Studio vs Location Filming
Simply, location filming means that you are shooting in the actual setting the story takes places rather than in a studio. A soundstage is a soundproof building or room used for the production of film and television content. It is sound proofed so that sound can be recorded along with the images. Adversely, location shooting is the shooting of a film or television production in a real world setting instead of using a soundstage. The location could be interior or exterior and some filming may be based in the location the story is set, or it may stand in for a different locale.
A benefit of shooting in a studio space is that the environment can be completely controlled, which is a key difference between studio and location filming. The environment of the studio can be set for the type of production that is being filmed. Weather can be created in a studio space as well as it being a normal temperature and this enables filming in regular working hours. This is a factor that can be a challenge when filming on location because – as we know – weather can be unpredictable. Therefore trying to film outside can be affected by this, in that it will often be required to await the correct weather conditions for your production or filming cannot continue. Additionally, shooting on location could be interfered by unwanted surrounding noise, dependent on location.
A perk of filming on location is that it can be cost-effective as there will be minimal set design and construction overheads. However, this will also depend on where the production is being filmed because if the chosen location is in a remote area it could cause other hindrances to the project. It can be expensive to take a whole crew to a remote location and this may also incur additional costs with regards to accommodation and hospitality for all crew to last as long as filming takes. This could potentially use a large sum of the production budget. Filming in a studio could be expensive due the studio being a blank canvas, meaning it would cost a lot to construct sets as required for each scene depending on the production.
Carrying out a production in a studio space can be a benefit due to uncertainty surrounding the duration of filming. Studio managers are used to this, which means that they can offer some leeway time for the production to be completed. However, availability can be a problem for shooting on location. This is because the space is only available at the owner’s convenience. This can put pressure on a project to be finished if they are running out of time, or else they would then have to find a different location which could delay filming.

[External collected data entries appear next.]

(* Let $\Gamma$ be a geometry of type $C_3$. Then every closed path of $\Gamma$ based at a point is homotopic to a primitive path.
   Context: A geometry of type $C_3$ is a (residually connected) rank-3 Tits geometry belonging to the diagram $\circ\!-\!\circ\!=\!\circ$, with types $1,2,3$ called points, lines and planes respectively (residue of a plane: a projective plane on its points and lines; residue of a point: a generalized quadrangle on its lines and planes; residue of a line: a generalized digon). Paths and homotopy: a path is a sequence of elements with consecutive elements incident; homotopy $\sim$ is the equivalence relation on paths with fixed endpoints generated by $(x,y,x)\leftrightarrow(x)$ and $(x,y,z)\leftrightarrow(x,z)$ for flags $\{x,y,z\}$ (homotopy in the flag complex). A primitive path is a closed path $(p,L,q,M,p)$ with $p,q$ points and $L,M$ lines; it is degenerate if $p=q$ or $L=M$. *)

theory Defs
  imports Main
begin

text \<open>A rank-3 incidence geometry is given by a set of elements X, a type function
  t (types 1 = points, 2 = lines, 3 = planes) and a symmetric, reflexive incidence
  relation I on X such that distinct elements of the same type are never incident.\<close>

definition incidence_geometry3 :: "'a set \<Rightarrow> ('a \<Rightarrow> nat) \<Rightarrow> ('a \<Rightarrow> 'a \<Rightarrow> bool) \<Rightarrow> bool" where
  "incidence_geometry3 X t I \<longleftrightarrow>
     (\<forall>x\<in>X. t x \<in> {1,2,3}) \<and>
     (\<forall>x y. I x y \<longrightarrow> x \<in> X \<and> y \<in> X) \<and>
     (\<forall>x\<in>X. I x x) \<and>
     (\<forall>x y. I x y \<longrightarrow> I y x) \<and>
     (\<forall>x y. I x y \<and> t x = t y \<longrightarrow> x = y)"

definition is_flag :: "'a set \<Rightarrow> ('a \<Rightarrow> 'a \<Rightarrow> bool) \<Rightarrow> 'a set \<Rightarrow> bool" where
  "is_flag X I F \<longleftrightarrow> F \<subseteq> X \<and> (\<forall>x\<in>F. \<forall>y\<in>F. I x y)"

definition residue :: "'a set \<Rightarrow> ('a \<Rightarrow> 'a \<Rightarrow> bool) \<Rightarrow> 'a set \<Rightarrow> 'a set" where
  "residue X I F = {y \<in> X - F. \<forall>x\<in>F. I x y}"

definition connected_in :: "('a \<Rightarrow> 'a \<Rightarrow> bool) \<Rightarrow> 'a set \<Rightarrow> bool" where
  "connected_in I S \<longleftrightarrow>
     (\<forall>x\<in>S. \<forall>y\<in>S. (\<lambda>a b. a \<in> S \<and> b \<in> S \<and> I a b)\<^sup>*\<^sup>* x y)"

With regards to access, shooting in a studio can be easier as there is usually a specific area for loading equipment in and out efficiently. On the other hand, accessibility for location shooting will depend on the chosen location and how remote it may be.

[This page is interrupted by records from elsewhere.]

lemma prob_disc_normalized_far_from_P_hat:
  fixes \<epsilon> :: real
  assumes "0 \<le> \<theta>" "\<theta> \<le> 1" "n \<ge> 1" "0 \<le> \<epsilon>"
  shows "measure_pmf.prob (PC_pmf m n \<theta>) {P. \<not> prof_dist m (disc_normalized n P) (P_hat m \<theta>) < \<epsilon>}
           \<le> fact m * (2 * exp (-2 * real n * \<epsilon>\<^sup>2))"
proof -
  define far where "far p = {P. \<epsilon> \<le> \<bar>card {v\<in>{1..n}. P v = p} / n - pmf (voter_pmf m \<theta>) p\<bar>}" for p
  have "{P. \<not> prof_dist m (disc_normalized n P) (P_hat m \<theta>) < \<epsilon>} = (\<Union>p\<in>rankings m. far p)"
    by (auto simp: prof_dist_less_iff far_def pmf_voter_pmf assms disc_normalized_def disc_weight_def
        not_less)
  also have "measure_pmf.prob (PC_pmf m n \<theta>) \<dots> \<le> (\<Sum>p\<in>rankings m. measure_pmf.prob (PC_pmf m n \<theta>) (far p))"
    by (intro measure_pmf.finite_measure_subadditive_finite) auto
  also have "\<dots> \<le> (\<Sum>p\<in>rankings m. 2 * exp (-2 * real n * \<epsilon>\<^sup>2))"
    using prob_fiber_frequency_deviation[of "{1..n}" \<epsilon>] assms
    by (intro sum_mono) (auto simp: far_def PC_pmf_def)
  finally show ?thesis by (simp add: card_rankings)
qed

lemma exists_disc_profile_with_rounded_counts:
  fixes t :: "nat list \<Rightarrow> real"
  assumes P: "P \<in> disc_profiles m n"
    and t: "\<forall>p\<in>rankings m. 0 \<le> t p" "sum t (rankings m) = real n"
  shows "\<exists>P'\<in>disc_profiles m n. (\<forall>p\<in>rankings m. \<bar>t p - card {v\<in>{1..n}. P' v = p}\<bar> < 1)
           \<and> (\<forall>v\<in>{1..n}. P' v \<noteq> P v \<longrightarrow> t (P v) < card {u\<in>{1..n}. P u = P v})"
proof -
  obtain c where c: "sum c (rankings m) = n"
    and c_round: "\<forall>p\<in>rankings m. \<lfloor>t p\<rfloor> \<le> int (c p) \<and> int (c p) \<le> \<lceil>t p\<rceil>"
    using exists_nat_rounding_preserving_sum[OF finite_rankings t] by blast
  then obtain P' where P': "P' \<in> disc_profiles m n"
    and card_P': "\<forall>p\<in>rankings m. card {v\<in>{1..n}. P' v = p} = c p"
    and moved: "\<forall>v\<in>{1..n}. P' v \<noteq> P v \<longrightarrow> c (P v) < card {u\<in>{1..n}. P u = P v}"
    using exists_PiE_with_fiber_cards[of "{1..n}" "rankings m" P c] P
    by (auto simp: disc_profiles_def)
  have "\<bar>t p - card {v\<in>{1..n}. P' v = p}\<bar> < 1" if "p \<in> rankings m" for p
  proof -
    have "\<lfloor>t p\<rfloor> \<le> int (c p)" "int (c p) \<le> \<lceil>t p\<rceil>"
      using c_round that by auto
    then have "\<bar>t p - c p\<bar> < 1"
      by linarith
    then show ?thesis
      using card_P' that by simp
  qed
  moreover have "t (P v) < card {u\<in>{1..n}. P u = P v}" if "v \<in> {1..n}" "P' v \<noteq> P v" for v
  proof -
    have "P v \<in> rankings m"
      using P that(1) by (auto simp: disc_profiles_def)
    then have "\<lfloor>t (P v)\<rfloor> \<le> int (c (P v))"
      using c_round by auto
    moreover have "c (P v) < card {u\<in>{1..n}. P u = P v}"
      using moved that by auto
    ultimately show ?thesis
      by linarith
  qed
  ultimately show ?thesis
    using P' by (intro bexI[of _ P']) auto
qed

lemma exists_disc_profile_approximating:
  assumes P: "P \<in> disc_profiles m n" and "n \<ge> 1"
    and Q: "cont_profile m Q" "total_weight m Q = 1"
  shows "\<exists>P'\<in>disc_profiles m n. prof_dist m Q (disc_normalized n P') < 1 / n
           \<and> (\<forall>v\<in>{1..n}. P' v \<noteq> P v \<longrightarrow> Q (P v) < disc_normalized n P (P v))"
proof -
  have t: "\<forall>p\<in>rankings m. 0 \<le> n * Q p" "(\<Sum>p\<in>rankings m. n * Q p) = real n"
    using Q by (simp_all add: cont_profile_def total_weight_def flip: sum_distrib_left)
  obtain P' where P': "P' \<in> disc_profiles m n"
    and close: "\<forall>p\<in>rankings m. \<bar>n * Q p - card {v\<in>{1..n}. P' v = p}\<bar> < 1"
    and moved: "\<forall>v\<in>{1..n}. P' v \<noteq> P v \<longrightarrow> n * Q (P v) < card {u\<in>{1..n}. P u = P v}"
    using exists_disc_profile_with_rounded_counts[where t = "\<lambda>p. n * Q p", OF P t] by blast
  have "\<bar>Q p - disc_normalized n P' p\<bar> < 1 / n" if "p \<in> rankings m" for p
  proof -
    have "Q p - disc_normalized n P' p = (n * Q p - card {v\<in>{1..n}. P' v = p}) / n"
      using \<open>n \<ge> 1\<close> by (simp add: disc_normalized_def disc_weight_def diff_divide_distrib)
    then have "\<bar>Q p - disc_normalized n P' p\<bar> = \<bar>n * Q p - card {v\<in>{1..n}. P' v = p}\<bar> / n"
      by (simp add: abs_divide)
    then show ?thesis
      using close that \<open>n \<ge> 1\<close> by (simp add: divide_strict_right_mono)
  qed
  moreover have "Q (P v) < disc_normalized n P (P v)" if "v \<in> {1..n}" "P' v \<noteq> P v" for v
    using moved that \<open>n \<ge> 1\<close> by (simp add: disc_normalized_def disc_weight_def field_simps)
  ultimately show ?thesis
    using P' by (intro bexI[of _ P']) (auto simp: prof_dist_less_iff)
qed

lemma CM_disc_if_stable_CM:
  assumes hom: "homogeneous m fd fc" and P: "P \<in> disc_profiles m n"
    and n: "1 < real n * \<delta>" and "stable_CM m fc \<delta> (disc_normalized n P)"
  shows "CM_disc m fd n P"
proof -
  have "n \<ge> 1"
    using n by (cases n) auto
  define w where "w = disc_normalized n P"
  have w: "normalized_profile m w"
    using normalized_profile_disc_normalized[OF P \<open>n \<ge> 1\<close>] by (simp add: w_def)
  obtain Q where Q: "CM_cont m fc w Q"
    and stable: "\<forall>Q'. cont_profile m Q' \<and> prof_dist m Q Q' < \<delta> \<longrightarrow> fc Q' = fc Q"
    using assms(4) by (auto simp: stable_CM_def w_def)
  have "cont_profile m Q" "total_weight m Q = 1"
    using Q w by (auto simp: CM_cont_def normalized_profile_def)
  then obtain P' where P': "P' \<in> disc_profiles m n" "prof_dist m Q (disc_normalized n P') < 1 / n"
    and moved: "\<forall>v\<in>{1..n}. P' v \<noteq> P v \<longrightarrow> Q (P v) < w (P v)"
    using exists_disc_profile_approximating[OF P \<open>n \<ge> 1\<close>] unfolding w_def by blast
  have "1 / real n < \<delta>"
    using n \<open>n \<ge> 1\<close> by (simp add: field_simps)
  then have "fd n P' = fc Q"
    using stable P' normalized_profile_disc_normalized[OF P'(1) \<open>n \<ge> 1\<close>] hom \<open>n \<ge> 1\<close>
    by (auto simp: normalized_profile_def homogeneous_def)
  moreover have "fd n P = fc w"
    using hom P \<open>n \<ge> 1\<close> by (simp add: homogeneous_def w_def)
  moreover have "P v \<in> rankings m" if "v \<in> {1..n}" for v
    using P that by (auto simp: disc_profiles_def)
  ultimately show ?thesis
    unfolding CM_disc_def using Q P'(1) moved by (intro bexI[of _ P']) (auto simp: CM_cont_def)
qed

lemma rho_ge_if_CM_near_P_hat:
  fixes \<epsilon> :: real
  assumes "0 \<le> \<theta>" "\<theta> \<le> 1" "n \<ge> 1" "0 \<le> \<epsilon>"
    and CM: "\<And>P. P \<in> disc_profiles m n \<Longrightarrow> prof_dist m (disc_normalized n P) (P_hat m \<theta>) < \<epsilon>
               \<Longrightarrow> CM_disc m fd n P"
  shows "1 - fact m * (2 * exp (-2 * real n * \<epsilon>\<^sup>2)) \<le> rho m fd n \<theta>"
proof -
  let ?M = "PC_pmf m n \<theta>"
  have "1 - rho m fd n \<theta> = measure_pmf.prob ?M (UNIV - {P. CM_disc m fd n P})"
    using measure_pmf.prob_compl[of "{P. CM_disc m fd n P}" ?M] by (simp add: rho_def)
  also have "\<dots> = measure_pmf.prob ?M ((UNIV - {P. CM_disc m fd n P}) \<inter> set_pmf ?M)"
    by (simp add: measure_Int_set_pmf)
  also have "\<dots> \<le> measure_pmf.prob ?M {P. \<not> prof_dist m (disc_normalized n P) (P_hat m \<theta>) < \<epsilon>}"
    using CM set_pmf_PC_pmf[of m n \<theta>] by (intro measure_pmf.finite_measure_mono) auto
  also have "\<dots> \<le> fact m * (2 * exp (-2 * real n * \<epsilon>\<^sup>2))"
    using assms(1-4) by (rule prob_disc_normalized_far_from_P_hat)
  finally show ?thesis
    by simp
qed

Finding a location to film can be difficult depending on the owner and government regulations related to the chosen area. For example: the owner may need to be convinced that hosting a production would be beneficial before they sign off and give permission for the filming to take place. Another point to consider is that the chosen location of filming must not interfere with any government regulations. If it does then discussions would need to take place in advance to ensure that guidelines are agreed so filming can begin in line with the necessary timescale. None of these issues would be a problem for filming on a soundstage as regulations are already set in place with the venue upon opening.